DETAILED DESCRIPTION OF EMBODIMENTS
[0014] Exemplary embodiments are described with reference to the accompanying drawings. In the figures, the left-most digit(s) of a reference number identifies the figure in which the reference number first appears. Wherever convenient, the same reference numbers are used throughout the drawings to refer to the same or like parts. While examples and features of disclosed principles are described herein, modifications, adaptations, and other implementations are possible without departing from the scope of the disclosed embodiments.

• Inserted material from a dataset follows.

(* Let $\Delta\subset\mathbb{S}^2$ be a prime flag complex. If $\Delta$ contains a full subcomplex $B$ which is special, then $\Delta=B$. In particular, the 1-skeleton of $\Delta$ is $\mathcal{CFS}$ if and only if $\Delta$ is special.
   Context: A flag complex is a simplicial complex in which every complete subgraph of the 1-skeleton spans a simplex; a subcomplex $B$ is full if every simplex whose vertices lie in $B$ belongs to $B$. For a planar flag complex $\Delta\subset\mathbb{S}^2$, an induced 4-cycle $\sigma$ strongly separates $\Delta$ if $\Delta$ meets both components of $\mathbb{S}^2-\sigma$. $\Delta$ is prime if (1) it is connected with no separating vertex and no separating edge; (2) it is not a 4-cycle but contains an induced 4-cycle; (3) it has no strongly separating induced 4-cycle. A flag complex is special if it is (the flag complex of) the suspension of a graph with 3 vertices that is not a triangle, i.e. the join of such a graph with two non-adjacent vertices. For a graph $\Gamma$, $\Gamma^4$ has as vertices the induced 4-cycles, adjacent iff they share two non-adjacent vertices; $\Gamma$ is $\mathcal{CFS}$ if $\Gamma=\Omega*K$ with $K$ a possibly empty clique and $\Omega$ non-empty such that $\Omega^4$ has a component $T$ with every vertex of $\Omega$ lying in a 4-cycle that is a vertex of $T$. *)

theory Defs
  imports "HOL-Analysis.Analysis"
begin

[0015] State of the art techniques for unsupervised anomaly detection use Machine Learning (ML) based approaches, which are computation intensive, and prediction largely depends on rightly annotated large volume of time series data, which is required during training of the ML model. Embodiments of the present disclosure provide a method and system for detecting machine failure from unannotated time series data by identifying anomaly. The method disclosed analyzes and processes unannotated time series data received from a plethora of sensors to localize suspected times stamps corresponding to machine failure data using unsupervised statistical analysis. Domain knowledge is utilized to automatically segregate and confirm the suspected time stamps into machine failure data and anomalous data. The identified machine failure data is further validated using validation criteria based on geo-temporal information associated with the identified machine failure data.
[0016] Referring now to the drawings, and more particularly to FIGS. 1A through 3, where similar reference characters denote corresponding features consistently throughout the figures, there are shown preferred embodiments and these embodiments are described in the context of the following exemplary system and/or method.

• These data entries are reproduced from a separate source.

lemma block_diag_mult:
  "(block_mat S S (diag_mat l) ** B)$i$j = (if i \<in> S then l$i * B$i$j else 0)"
proof -
  have "(block_mat S S (diag_mat l) ** B)$i$j = (\<Sum>k\<in>UNIV. block_mat S S (diag_mat l) $i$k * B$k$j)"
    by (simp add: matrix_matrix_mult_def)
  also have "\<dots> = (\<Sum>k\<in>UNIV. if k = i then (if i \<in> S then l$i * B$i$j else 0) else 0)"
    by (intro sum.cong) (auto simp: diag_mat_def)
  finally show ?thesis by simp
qed

lemma mult_block_diag:
  "(B ** block_mat S S (diag_mat l))$i$j = (if j \<in> S then B$i$j * l$j else 0)"
proof -
  have "(B ** block_mat S S (diag_mat l))$i$j = (\<Sum>k\<in>UNIV. B$i$k * block_mat S S (diag_mat l) $k$j)"
    by (simp add: matrix_matrix_mult_def)
  also have "\<dots> = (\<Sum>k\<in>UNIV. if k = j then (if j \<in> S then B$i$j * l$j else 0) else 0)"
    by (intro sum.cong) (auto simp: diag_mat_def)
  finally show ?thesis by simp
qed

lemma quad_form_block_mat: "quad_form (block_mat S S X) v = quad_form X (vec_restrict S v)"
  unfolding quad_form_def vec_restrict_def by (intro sum.cong refl) auto

lemma block_mat_psd: "X \<in> psd_cone \<Longrightarrow> block_mat S S X \<in> psd_cone"
  by (simp add: psd_cone_iff quad_form_block_mat symmetric_iff_entries)

lemma quad_form_diag: "quad_form (diag_mat l) w = (\<Sum>i\<in>UNIV. l$i * (w$i)\<^sup>2)"
proof -
  have "(\<Sum>j\<in>UNIV. w$i * (if i = j then l$i else 0) * w$j) = l$i * (w$i)\<^sup>2" for i
  proof -
    have "(\<Sum>j\<in>UNIV. w$i * (if i = j then l$i else 0) * w$j)
        = (\<Sum>j\<in>UNIV. if j = i then l$i * (w$i)\<^sup>2 else 0)"
      by (intro sum.cong) (auto simp: power2_eq_square)
    then show ?thesis by simp
  qed
  then show ?thesis unfolding quad_form_def diag_mat_def by simp
qed

lemma trace_block_mat: "trace (block_mat S S X) = block_mat S S X \<bullet> block_mat S S (mat 1)"
proof -
  have "(\<Sum>j\<in>UNIV. if i\<in>S \<and> j\<in>S then if i = j then X$j$j else 0 else 0)
      = (\<Sum>j\<in>UNIV. if j = i then (if i \<in> S then X$i$i else 0) else 0)" for i
    by (intro sum.cong) auto
  then show ?thesis
    unfolding inner_matrix_entries trace_def
    by (simp add: mat_def if_distrib[of "\<lambda>x. _ * x"] cong: if_cong)
qed

lemma psd_block_inner_ge:
  fixes X G :: "real^'n^'n"
  assumes X: "X \<in> psd_cone" and G: "G \<in> psd_cone" and c: "0 \<le> c"
  shows "c * norm (block_mat S S X)
    \<le> block_mat S S X \<bullet> (block_mat S S X + G + c *\<^sub>R block_mat S S (mat 1))"
proof -
  have XS: "block_mat S S X \<in> psd_cone" using block_mat_psd[OF X] .
  have "c * norm (block_mat S S X) \<le> c * trace (block_mat S S X)"
    using psd_norm_le_trace[OF XS] c by (simp add: mult_left_mono)
  also have "\<dots> = block_mat S S X \<bullet> (c *\<^sub>R block_mat S S (mat 1))" by (simp add: trace_block_mat)
  also have "\<dots> \<le> block_mat S S X \<bullet> (block_mat S S X + G + c *\<^sub>R block_mat S S (mat 1))"
    using psd_inner_nonneg[OF XS G] by (simp add: inner_add_right)
  finally show ?thesis .
qed

lemma block_diag_perturbation_psd:
  fixes l :: "real^'n" and K :: "real^'n^'n"
  assumes S: "\<forall>i\<in>S. \<mu> \<le> l$i" and Ks: "transpose K = K" and Kn: "norm K \<le> \<mu> - c"
  shows "block_mat S S (diag_mat l + K) - c *\<^sub>R block_mat S S (mat 1) \<in> psd_cone"
proof -
  have "0 \<le> quad_form (block_mat S S (diag_mat l + K) - c *\<^sub>R block_mat S S (mat 1)) v" for v
  proof -
    define w where "w = vec_restrict S v"
    define s where "s = (\<Sum>i\<in>UNIV. (w$i)\<^sup>2)"
    have "\<mu> * s \<le> quad_form (diag_mat l) w"
      unfolding quad_form_diag s_def sum_distrib_left
      using S by (intro sum_mono) (auto simp: w_def vec_restrict_def mult_right_mono)
    moreover have "- (norm K * s) \<le> quad_form K w"
      using quad_form_le_norm[of K w] by (simp add: s_def inner_vec_def power2_eq_square abs_le_iff)
    moreover have "quad_form (mat 1) w = s"
      by (simp add: quad_form_def s_def mat_def power2_eq_square if_distrib[of "\<lambda>x. x * _"]
            if_distrib[of "\<lambda>x. _ * x"] cong: if_cong)
    moreover have "0 \<le> (\<mu> - norm K - c) * s"
      using Kn by (intro mult_nonneg_nonneg) (auto simp: s_def intro: sum_nonneg)
    ultimately show ?thesis
      by (simp add: quad_form_diff quad_form_scaleR quad_form_block_mat quad_form_add
            w_def[symmetric] algebra_simps)
  qed
  moreover have "transpose (block_mat S S (diag_mat l + K) - c *\<^sub>R block_mat S S (mat 1))
      = block_mat S S (diag_mat l + K) - c *\<^sub>R block_mat S S (mat 1)"
    using Ks unfolding symmetric_iff_entries by (auto simp: diag_mat_def mat_def)
  ultimately show ?thesis using psd_cone_iff by blast
qed

section \<open>The orthogonal projector onto the range of the adjoint\<close>

lemma opA_add: "opA A (X + Y) = opA A X + opA A Y"
  by (simp add: opA_def vec_eq_iff linear_add[OF linear_frob])
lemma opA_scaleR: "opA A (c *\<^sub>R X) = c *\<^sub>R opA A X"
  by (simp add: opA_def vec_eq_iff linear_scale[OF linear_frob])

lemma linear_projP: "linear (projP A)"
  by (intro linearI)
     (simp_all add: projP_def opA_add opA_scaleR opAadj_def scaleR_add_left sum.distrib
        scaleR_sum_right matrix_vector_right_distrib matrix_vector_mult_scaleR)

lemma opAadj_symmetric:
  assumes "\<forall>i. A i \<in> sym_mats"
  shows "transpose (opAadj A y) = opAadj A y"
  using assms by (simp add: sym_mats_def opAadj_def symmetric_iff_entries sum_component)

lemma projP_symmetric: "\<forall>i. A i \<in> sym_mats \<Longrightarrow> transpose (projP A X) = projP A X"
  by (simp add: projP_def opAadj_symmetric)

lemma inner_opAadj:
  assumes "\<forall>i. A i \<in> sym_mats"
  shows "opAadj A y \<bullet> X = y \<bullet> opA A X"
proof -
  have "transpose (A i) = A i" for i using assms by (simp add: sym_mats_def)
  then show ?thesis
    by (simp add: opAadj_def inner_sum_left opA_def inner_vec_def[of y] frob_eq_inner)
qed

lemma gramA_mult: "gramA A *v y = opA A (opAadj A y)"
proof -
  have "frob (A i) (\<Sum>j\<in>UNIV. y$j *\<^sub>R A j) = (\<Sum>j\<in>UNIV. frob (A i) (y$j *\<^sub>R A j))" for i
    by (rule linear_sum[OF linear_frob])
  then show ?thesis
    by (simp add: vec_eq_iff gramA_def opA_def opAadj_def matrix_vector_mult_def
        linear_scale[OF linear_frob] mult.commute)
qed

locale surjective_constraints =
  fixes A :: "'m::finite \<Rightarrow> real^'n^'n"
  assumes A_sym: "\<forall>i. A i \<in> sym_mats"
    and A_surj: "\<forall>v. \<exists>X \<in> sym_mats. opA A X = v"
begin

lemma gramA_inverse: "matrix_inv (gramA A) ** gramA A = mat 1" "gramA A ** matrix_inv (gramA A) = mat 1"
proof -
  have "y = 0" if "gramA A *v y = 0" for y
  proof -
    have "opAadj A y \<bullet> opAadj A y = 0"
      using that by (simp add: inner_opAadj[OF A_sym] gramA_mult)
    moreover obtain X where "opA A X = y" using A_surj by blast
    ultimately show "y = 0" using inner_opAadj[OF A_sym, of y X] by simp
  qed
  then have "invertible (gramA A)"
    using matrix_left_invertible_ker invertible_left_inverse by blast
  then have "\<exists>B. gramA A ** B = mat 1 \<and> B ** gramA A = mat 1" by (simp add: invertible_def)
  then have "gramA A ** matrix_inv (gramA A) = mat 1 \<and> matrix_inv (gramA A) ** gramA A = mat 1"
    unfolding matrix_inv_def by (rule someI_ex)
  then show "matrix_inv (gramA A) ** gramA A = mat 1" "gramA A ** matrix_inv (gramA A) = mat 1"
    by simp_all
qed

lemma matrix_inv_gramA_symmetric: "transpose (matrix_inv (gramA A)) = matrix_inv (gramA A)"
proof -
  let ?G = "gramA A" and ?I = "matrix_inv (gramA A)"
  have "transpose ?G = ?G"
    using A_sym by (simp add: gramA_def symmetric_iff_entries frob_eq_inner sym_mats_def inner_commute)
  then have "transpose ?I ** ?G = mat 1"
    using gramA_inverse(2) by (metis matrix_transpose_mul transpose_mat)
  then have "transpose ?I = transpose ?I ** (?G ** ?I)" "transpose ?I ** ?G ** ?I = ?I"
    using gramA_inverse(2) by simp_all
  then show ?thesis by (simp add: matrix_mul_assoc)
qed

lemma projP_opAadj: "projP A (opAadj A y) = opAadj A y"
  using gramA_inverse by (simp add: projP_def gramA_mult[symmetric] matrix_vector_mul_assoc)

lemma projP_idem: "projP A (projP A X) = projP A X"
  by (metis projP_def projP_opAadj)

lemma projP_self_adjoint: "projP A X \<bullet> Y = X \<bullet> projP A Y"
proof -
  let ?I = "matrix_inv (gramA A)"
  have "(?I *v a) \<bullet> b = a \<bullet> (?I *v b)" for a b
  proof -
    have "?I *v a = a v* ?I" by (metis matrix_inv_gramA_symmetric transpose_matrix_vector)
    then show ?thesis by (simp add: dot_lmul_matrix)
  qed
  then have "projP A X \<bullet> Y = opA A X \<bullet> (?I *v opA A Y)"
    by (simp add: projP_def inner_opAadj[OF A_sym])
  also have "\<dots> = (?I *v opA A Y) \<bullet> opA A X" by (rule inner_commute)
  also have "\<dots> = projP A Y \<bullet> X" by (simp add: projP_def inner_opAadj[OF A_sym])
  finally show ?thesis by (simp add: inner_commute)
qed

lemma norm_reflect_projP: "norm (X - 2 *\<^sub>R projP A X) = norm X"
proof -
  have "projP A X \<bullet> projP A X = X \<bullet> projP A X"
    using projP_self_adjoint[of X "projP A X"] by (simp add: projP_idem)
  then have "(X - 2 *\<^sub>R projP A X) \<bullet> (X - 2 *\<^sub>R projP A X) = X \<bullet> X"
    by (simp add: inner_diff_left inner_diff_right inner_commute[of "projP A X" X])
  then show ?thesis by (simp add: norm_eq_sqrt_inner)
qed

end

section \<open>The linearised ADMM operator\<close>

lemma Omega_symmetric: "Omega l $ i $ j = Omega l $ j $ i"
  unfolding Omega_def by (cases "0 < l$i"; cases "0 < l$j"; cases "l$i < 0"; cases "l$j < 0"; simp)

lemma Omega_bounds: "0 \<le> Omega l $ i $ j" "Omega l $ i $ j \<le> 1"
  unfolding Omega_def
  by (cases "0 < l$i"; cases "0 < l$j"; cases "l$i < 0"; cases "l$j < 0"; simp add: divide_le_eq_1)+

lemma Omega_off_blocks_strict:
  "0 < l$i \<Longrightarrow> l$j < 0 \<Longrightarrow> 0 < Omega l $ i $ j \<and> Omega l $ i $ j < 1"
  unfolding Omega_def by (simp add: divide_less_eq_1)

lemma hadamard_Omega_block_diagonal:
  assumes nz: "\<forall>i. l$i \<noteq> 0" and H: "off_blocks l H = 0"
  shows "hadamard (Omega l) H = block_mat (pos_idx l) (pos_idx l) H"
  unfolding vec_eq_iff
proof (intro allI)
  fix i j
  have "H$i$j = 0" if "(0 < l$i) \<noteq> (0 < l$j)"
    using H that by (metis off_blocks_nth zero_index)
  then show "hadamard (Omega l) H $ i $ j = block_mat (pos_idx l) (pos_idx l) H $ i $ j"
    using nz[rule_format, of i] nz[rule_format, of j]
    by (auto simp: Omega_def pos_idx_def linorder_neq_iff)
qed

lemma opD_orth_conj: "opD Q l H = orth_conj (transpose Q) (hadamard (Omega l) (orth_conj Q H))"
  by (simp add: opD_def orth_conj_def matrix_mul_assoc)

lemma linear_opD: "linear (opD Q l)"
proof -
  have "opD Q l = orth_conj (transpose Q) \<circ> hadamard (Omega l) \<circ> orth_conj Q"
    by (simp add: fun_eq_iff opD_orth_conj)
  moreover have "linear (orth_conj P)" for P :: "real^'n^'n"
    by (intro linearI) (simp_all add: orth_conj_add orth_conj_scaleR)
  moreover have "linear (hadamard (Omega l))"
    by (intro linearI) (simp_all add: vec_eq_iff algebra_simps)
  ultimately show ?thesis by (metis linear_compose)
qed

[0017] FIG. 1A is a functional block diagram of a system 100 for detecting machine failure from unannotated time series data by identifying anomaly, in accordance with some embodiments of the present disclosure.

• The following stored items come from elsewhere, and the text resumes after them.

(* Let $Q:[0,\infty)\to\mathbb{R}$ be a function analytic on $[0,\infty)$ such that all moments $\int_0^\infty x^{j}x^{1/2}e^{-Q(x)}\,dx$ and $\int_{-\infty}^\infty t^{j}e^{-Q(t^2)}\,dt$, $j=0,1,2,\dots$, are finite. Let $n\ge1$, and let $x_1^{(L,\frac12)}<\dots<x_n^{(L,\frac12)}$ and $w_1^{(L,\frac12)},\dots,w_n^{(L,\frac12)}$ be the nodes and weights of the $n$-point Gaussian quadrature rule for the weight function $x^{1/2}e^{-Q(x)}$ on $[0,\infty)$. Then the nodes $x_1^{(H)}<\dots<x_{2n+1}^{(H)}$ and weights $w_1^{(H)},\dots,w_{2n+1}^{(H)}$ of the $(2n+1)$-point Gaussian quadrature rule for the weight function $e^{-Q(x^2)}$ on $(-\infty,\infty)$ are given, for $k=1,\dots,n$, by $$x_{n+1+k}^{(H)}=\sqrt{x_k^{(L,\frac12)}},\qquad w_{n+1+k}^{(H)}=\frac{w_k^{(L,\frac12)}}{2x_k^{(L,\frac12)}},$$ $$x_{n+1-k}^{(H)}=-\sqrt{x_k^{(L,\frac12)}},\qquad w_{n+1-k}^{(H)}=\frac{w_k^{(L,\frac12)}}{2x_k^{(L,\frac12)}},$$ together with $$x_{n+1}^{(H)}=0,\qquad w_{n+1}^{(H)}=\int_{-\infty}^\infty e^{-Q(t^2)}\,dt-\sum_{k=1}^n\left[w_{n+1+k}^{(H)}+w_{n+1-k}^{(H)}\right].$$
   Context: For a positive weight function $w$ on an interval $(a,b)$ with finite moments, the $m$-point Gaussian quadrature rule consists of nodes $x_1<\dots<x_m$ (the zeros of the degree-$m$ orthogonal polynomial with respect to $w$) and positive weights $w_1,\dots,w_m$ such that $\int_a^b f(x)w(x)\,dx=\sum_{k=1}^m w_k f(x_k)$ for all polynomials $f$ of degree at most $2m-1$. *)

theory Defs
  imports "HOL-Analysis.Analysis" "HOL-Computational_Algebra.Polynomial"
begin

definition real_analytic_on :: "(real \<Rightarrow> real) \<Rightarrow> real set \<Rightarrow> bool" where
  "real_analytic_on f S \<longleftrightarrow>
     (\<forall>x0\<in>S. \<exists>r>0. \<exists>a :: nat \<Rightarrow> real.
        \<forall>x\<in>S. \<bar>x - x0\<bar> < r \<longrightarrow> (\<lambda>k. a k * (x - x0) ^ k) sums f x)"

definition gauss_rule ::
  "(real \<Rightarrow> real) \<Rightarrow> real set \<Rightarrow> nat \<Rightarrow> (nat \<Rightarrow> real) \<Rightarrow> (nat \<Rightarrow> real) \<Rightarrow> bool" where
  "gauss_rule w S m x c \<longleftrightarrow>
     (\<forall>i\<in>{1..<m}. x i < x (i + 1)) \<and>
     (\<forall>i\<in>{1..m}. x i \<in> S \<and> c i > 0) \<and>
     (\<forall>p :: real poly. degree p \<le> 2 * m - 1 \<longrightarrow>
        set_integrable lborel S (\<lambda>t. poly p t * w t) \<and>
        (LINT t:S|lborel. poly p t * w t) = (\<Sum>k=1..m. c k * poly p (x k)))"

end

theory Submission
  imports Defs
begin

(*
  Substituting x = t^2 turns the even weight E(t) = exp (-Q (t^2)) on the real line into the
  weight sqrt x * E (sqrt x) = x^(1/2) exp (-Q x) on (0, oo): the odd moments of E vanish,
  and its moment of order 2i+2 is the i-th moment of the half-line weight. Hence the
  symmetrized rule, with nodes +-sqrt (x_k), weights w_k / (2 x_k), and the node 0 carrying
  the remaining mass, integrates t^j exactly for every j <= 4n+1. Its nodes increase and
  its weights are positive (integrate the square of a Lagrange polynomial), so it is a Gauss
  rule with 2n+1 nodes. Gauss rules are unique: the difference of the node polynomials of
  two of them has degree < m and is orthogonal to itself, so it vanishes at all nodes; then
  Lagrange polynomials identify the weights.
*)

lemma real_analytic_on_imp_isCont:
  assumes "real_analytic_on f S" and "x \<in> interior S"
  shows "isCont f x"
proof -
  obtain e where e: "e > 0" "ball x e \<subseteq> S"
    using assms(2) by (meson mem_interior)
  obtain r a where r: "r > 0"
    and a: "\<And>y. y \<in> S \<Longrightarrow> \<bar>y - x\<bar> < r \<Longrightarrow> (\<lambda>k. a k * (y - x) ^ k) sums f y"
    using assms interior_subset unfolding real_analytic_on_def by blast
  define s where "s = min r e"
  have s: "s > 0" "s \<le> r" using r e by (simp_all add: s_def)
  have in_S: "y \<in> S" if "\<bar>y - x\<bar> < s" for y
    using that e(2) by (auto simp: s_def dist_real_def)
  define P where "P h = (\<Sum>k. a k * h ^ k)" for h :: real
  have f_eq: "f y = P (y - x)" if "\<bar>y - x\<bar> < s" for y
    using a[OF in_S[OF that]] that sums_unique by (auto simp: P_def s_def)
  have "(\<lambda>k. a k * (s / 2) ^ k) sums f (x + s / 2)"
    using a[OF in_S, of "x + s / 2"] s by simp
  then have "isCont P 0"
    unfolding P_def by (intro isCont_powser[of _ "s / 2"] sums_summable) (use s in auto)
  then have "isCont (\<lambda>y. P (y - x)) x"
    using continuous_at_compose[of x "\<lambda>y. y - x" P] by (simp add: o_def)
  moreover have "eventually (\<lambda>y. f y = P (y - x)) (nhds x)"
    unfolding eventually_nhds_metric using s by (auto intro!: exI[of _ s] f_eq simp: dist_real_def)
  ultimately show ?thesis
    using isCont_cong[of f "\<lambda>y. P (y - x)" x] by blast
qed

section \<open>Node polynomials\<close>

lemma degree_diff_less_if_lead_coeff_eq:
  fixes p q :: "'a::ab_group_add poly"
  assumes "degree p = n" and "degree q = n" and "lead_coeff p = lead_coeff q" and "n > 0"
  shows "degree (p - q) < n"
  using assms by (intro degree_lessI) (auto simp: coeff_eq_0 le_less)

definition node_poly :: "(nat \<Rightarrow> real) \<Rightarrow> nat set \<Rightarrow> real poly" where
  "node_poly x A = (\<Prod>k\<in>A. [:- x k, 1:])"

lemma poly_node_poly: "poly (node_poly x A) t = (\<Prod>k\<in>A. t - x k)"
  by (simp add: node_poly_def poly_prod)

lemma degree_node_poly: "finite A \<Longrightarrow> degree (node_poly x A) = card A"
  unfolding node_poly_def by (subst degree_prod_sum_eq) auto

lemma lead_coeff_node_poly: "lead_coeff (node_poly x A) = 1"
  by (simp add: node_poly_def lead_coeff_prod)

[0018] In an embodiment, the system 100 includes a processor(s) 104, communication interface device(s), alternatively referred as input/output (I/O) interface(s) 106, and one or more data storage devices or a memory 102 operatively coupled to the processor(s) 104. The system 100 with one or more hardware processors is configured to execute functions of one or more functional blocks of the system 100.
[0019] Referring to the components of system 100, in an embodiment, the processor(s) 104, can be one or more hardware processors 104. In an embodiment, the one or more hardware processors 104 can be implemented as one or more microprocessors, microcomputers, microcontrollers, digital signal processors, central processing units, state machines, logic circuitries, and/or any devices that manipulate signals based on operational instructions. Among other capabilities, the one or more hardware processors 104 are configured to fetch and execute computer-readable instructions stored in the memory 102. In an embodiment, the system 100 can be implemented in a variety of computing systems including laptop computers, notebooks, hand-held devices such as mobile phones, workstations, mainframe computers, servers, and the like.
[0020] The I/O interface(s) 106 can include a variety of software and hardware interfaces, for example, a web interface, a graphical user interface to display the generated target images and the like and can facilitate multiple communications within a wide variety of networks N/W and protocol types, including wired networks, for example, LAN, cable, etc., and wireless networks, such as WLAN, cellular and the like. In an embodiment, the I/O interface (s) 106 can include one or more ports for connecting to a number of external devices or to another server or devices.
[0021] The memory 102 may include any computer-readable medium known in the art including, for example, volatile memory, such as static random access memory (SRAM) and dynamic random access memory (DRAM), and/or

non-volatile memory, such as read only memory (ROM), erasable programmable ROM, flash memories, hard disks, optical disks, and magnetic tapes.
[0022] Further, the memory 102 includes a database 108 that stores the unannotated time series data received from plethora of sensors and the like. Further, the memory 102 includes modules such as localization module, machine failure data identification module, validation module and the like as depicted in FIG. 1B. Further, the memory 102 may comprise information pertaining to input(s)/output(s) of each step performed by the processor(s) 104 of the system100 and methods of the present disclosure. In an embodiment, the database 108 may be external (not shown) to the system 100 and coupled to the system via the I/O interface 106. Functions of the components of the system 100 are explained in conjunction with FIG. 1B depicting architectural and process overview of the system of FIG. 1A and flow diagram of FIG. 2.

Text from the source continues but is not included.